Şimdi basın özgürlüğü boyutunda olaya yaklaşacak olursak, tabi ki basının halkı bilgilendirme görevi hiçbir şekilde engellenmemeli. Bunda hiç şüphe yok. Eğer bu bir takım gerekçeler ileri sürülerek devlet eliyle yapılıyor ise bu konu dışında da Türkiye’de biliyorsunuz birçok alanda bu konunun dışında da bu yönde girişimler var. Tabi ki, bunlara karşı ifade özgürlüğü bakımından, basın özgürlüğü bakımından hep beraber karşı çıkmak zorundayız. Ama dediğim konunun hassasiyetini de sizlerle özellikle paylaşmak istiyorum.

Şimdi bu konu bir tek Charlie Hebdo olayından kaynaklanmadı biliyorsunuz. Yani 1990’lara biraz gidelim. Sovyetler Birliğinin o zamanki Afganistan işgalinden sonra orada mukavemet gücü olarak konuçlanan mücahitlere ABD’nin ve diğer ülkelerin desteği hatırlıyorsunuz yani orada radikal bir yapı tohumu atıldı. Belli bir süre kullanıldı, daha sonra Sovyetler çekildikten sonra Pakistan’la Afganistan arasında Peşaver dediğimiz özel bir bölge bu Taliban militanlarının egemenliğinde kaldı. Daha sonra 2001 olayları meşhur kule olayı. Yani El Kaide’nin dünyayı tehdit eden bir terör örgütü olarak eylemlere girişmesi Peşaver’e dönük ki daha Irak’tan önce biliyorsunuz Afganistan harekatı yapıldı.

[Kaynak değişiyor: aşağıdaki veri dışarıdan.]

lemma trop_prevariety_subset_zero_sets:
  assumes "0 < k"
  shows "trop_prevariety a b mc k \<subseteq> (\<Union>p\<in>trop_pairs mc k. {x. trop_mono_diff a b p x = 0})"
proof
  fix x assume "x \<in> trop_prevariety a b mc k"
  then obtain j0 j1 where "j0 < mc 0" "j1 < mc 0" "j0 \<noteq> j1"
      "trop_mono a b 0 j0 x = trop_poly a b mc 0 x" "trop_mono a b 0 j1 x = trop_poly a b mc 0 x"
    using \<open>0 < k\<close> unfolding trop_prevariety_def trop_hypersurface_def by blast
  then have "(0, min j0 j1, max j0 j1) \<in> trop_pairs mc k"
      "trop_mono_diff a b (0, min j0 j1, max j0 j1) x = 0"
    using \<open>0 < k\<close> by (auto simp: trop_pairs_def trop_mono_diff_def min_def max_def)
  then show "x \<in> (\<Union>p\<in>trop_pairs mc k. {x. trop_mono_diff a b p x = 0})"
    by blast
qed

lemma trop_mono_diff_zero_set_ne_UNIV:
  fixes a :: "nat \<Rightarrow> nat \<Rightarrow> 'n::finite \<Rightarrow> nat"
  assumes "(a i j, b i j) \<noteq> (a i j', b i j')"
  shows "{x. trop_mono_diff a b (i, j, j') x = 0} \<noteq> UNIV"
proof
  assume "{x. trop_mono_diff a b (i, j, j') x = 0} = UNIV"
  then have "trop_mono a b i j x = trop_mono a b i j' x" for x
    unfolding trop_mono_diff_def by auto
  then have "a i j = a i j' \<and> b i j = b i j'"
    by (rule trop_mono_eq_imp_coeffs_eq)
  then show False
    using assms by simp
qed

lemma card_trop_active_image_le_sign_vector_bound:
  fixes a :: "nat \<Rightarrow> nat \<Rightarrow> 'n::finite \<Rightarrow> nat"
  assumes "0 < k"
    and distinct_monos: "\<And>i j j'. i < k \<Longrightarrow> j < mc i \<Longrightarrow> j' < mc i \<Longrightarrow> j \<noteq> j' \<Longrightarrow>
          (a i j, b i j) \<noteq> (a i j', b i j')"
  shows "card (trop_active a b mc k ` trop_prevariety a b mc k)
    \<le> card (trop_pairs mc k) * sign_vector_bound (card (trop_pairs mc k) - 1) (CARD('n) - 1)"
proof -
  have "card (sign_vector (trop_mono_diff a b) (trop_pairs mc k) ` trop_prevariety a b mc k)
      \<le> card (trop_pairs mc k) * sign_vector_bound (card (trop_pairs mc k) - 1) (DIM(real^'n) - 1)"
  proof (rule card_sign_vector_image_le_if_covered_by_zero_sets)
    show "\<exists>c e. \<forall>x. trop_mono_diff a b p x = c \<bullet> x + e" for p
      by (rule affine_trop_mono_diff)
    show "finite (trop_pairs mc k)"
      by (rule finite_trop_pairs)
    show "trop_prevariety a b mc k \<subseteq> (\<Union>p\<in>trop_pairs mc k. {x. trop_mono_diff a b p x = 0})"
      using \<open>0 < k\<close> by (rule trop_prevariety_subset_zero_sets)
    show "{x. trop_mono_diff a b p x = 0} \<noteq> UNIV" if p: "p \<in> trop_pairs mc k" for p
    proof -
      obtain i j j' where "p = (i, j, j')" "i < k" "j < j'" "j' < mc i"
        using p unfolding trop_pairs_def by blast
      then show ?thesis
        using distinct_monos[of i j j'] by (simp add: trop_mono_diff_zero_set_ne_UNIV)
    qed
  qed
  then show ?thesis
    using card_trop_active_image_le_card_sign_vector_image[of a b mc k "trop_prevariety a b mc k"]
    by (simp add: DIM_cart)
qed

theorem theorem3p4:
  fixes a :: "nat \<Rightarrow> nat \<Rightarrow> 'n::finite \<Rightarrow> nat" and b :: "nat \<Rightarrow> nat \<Rightarrow> real"
    and mc :: "nat \<Rightarrow> nat" and k m :: nat
  assumes mono_count: "\<And>i. i < k \<Longrightarrow> 1 \<le> mc i \<and> mc i \<le> m"
    and distinct_monos: "\<And>i j j'. i < k \<Longrightarrow> j < mc i \<Longrightarrow> j' < mc i \<Longrightarrow> j \<noteq> j' \<Longrightarrow>
          (a i j, b i j) \<noteq> (a i j', b i j')"
    and dim: "CARD('n) \<le> k * (m choose 2)"
  shows "finite (trop_faces a b mc k) \<and>
    card (trop_faces a b mc k) \<le> CARD('n) * 2 ^ CARD('n) * ((k * (m choose 2)) choose CARD('n))"
proof -
  define q where "q = card (trop_pairs mc k)"
  define active_sets where "active_sets = trop_active a b mc k ` trop_prevariety a b mc k"
  have "0 < k"
    using dim by (cases k) auto
  have "q \<le> k * (m choose 2)"
    unfolding q_def using mono_count by (intro card_trop_pairs_le) blast
  have "card active_sets \<le> 2 ^ q"
    unfolding active_sets_def q_def by (rule card_trop_active_image_le_two_pow)
  moreover have "card active_sets \<le> q * sign_vector_bound (q - 1) (CARD('n) - 1)"
    unfolding active_sets_def q_def using \<open>0 < k\<close> distinct_monos
    by (rule card_trop_active_image_le_sign_vector_bound)
  moreover have "min (2 ^ q) (q * sign_vector_bound (q - 1) (CARD('n) - 1))
      \<le> CARD('n) * 2 ^ CARD('n) * ((k * (m choose 2)) choose CARD('n))"
    using dim \<open>q \<le> k * (m choose 2)\<close> by (intro min_two_pow_mult_sign_vector_bound_le) (simp_all add: Suc_leI)
  ultimately show ?thesis
    using finite_trop_faces_card_le[of a b mc k] unfolding active_sets_def by linarith
qed

end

Şimdi Büyük Ortadoğu Projesi, Arap Baharı, ne baharı kış oldu yanı başımızda hep beraber görüyoruz yaşananları. Bu plan içerisinde bizimkilerin belki de danışıklı, dövüşüklü ortaklıkları sayesinde geldi Peşaver, Pakistan’la Afganistan arasında tarif ettiğim Peşaver Türkiye’nin güneyinde Suriye’yle Irak’ın orasına yanlış politikalarımız yüzünden yerleştirildi.

Şimdi kalksın bir kişi bunu bana anlatsın. BOP’undan gireriz, yakın tarihinden çıkarız. Uluslararası ilişkilerinden gireriz ABD’nin ve belli enerji kaynakları üzerindeki politikalarından da gireriz. Bunların nasıl çanak tutularak bu bölgede konuçlandırıldıkları ve ondan sonra nasıl kontrolden çıktıkları, bizimkilerin bir ihvan kardeşliği, siyasi yol arkadaşlığından başlayarak bu radikal unsurlara 3 gün önce kardeşim dediğini 3 gün sonra kurşuna dizecek kadar düşman olduklarını hatırlıyorsunuz Kaddafi’den tutun Esad’a, eski Esad yeni Eset biliyorsunuz. Bütün bu süreçlerde Allah aşkına bizi izleyen tüm yurttaşlarımıza sesleniyorum. Cumhuriyet Halk Partisi, daha önceki Sayın Genel Başkanı da, şimdiki Sayın Genel Başkanı da, milletvekillerimiz, Grup Başkanvekillerimizde, Dış İlişkilerden Sorumlu olan Genel Başkan Yardımcılarımızda, bir 6 ayda ben yürüttüm o görevi. Doktorlar biliyorsunuz her işi yapıyor doktorluktan başka. Parti Sözcüsü olarak bende, diğer arkadaşlarım şunu hep söyledik bakın. Bu radikal örgütlerle al takke ver külah ilişkilere girerseniz terörü Türkiye’ye ithal eden bir noktaya getirirsiniz dedik. Silah verdiniz mi bunlara? Verdiniz. Davet ettiniz mi dünyanın dört bir tarafından bu sapkınları? Ettiniz veya etmediniz ama geldiler konuk ettiniz. Sınırlardan gelip geçmelerine müsaade ettiniz mi, göz yumdunuz mu? Yumdunuz.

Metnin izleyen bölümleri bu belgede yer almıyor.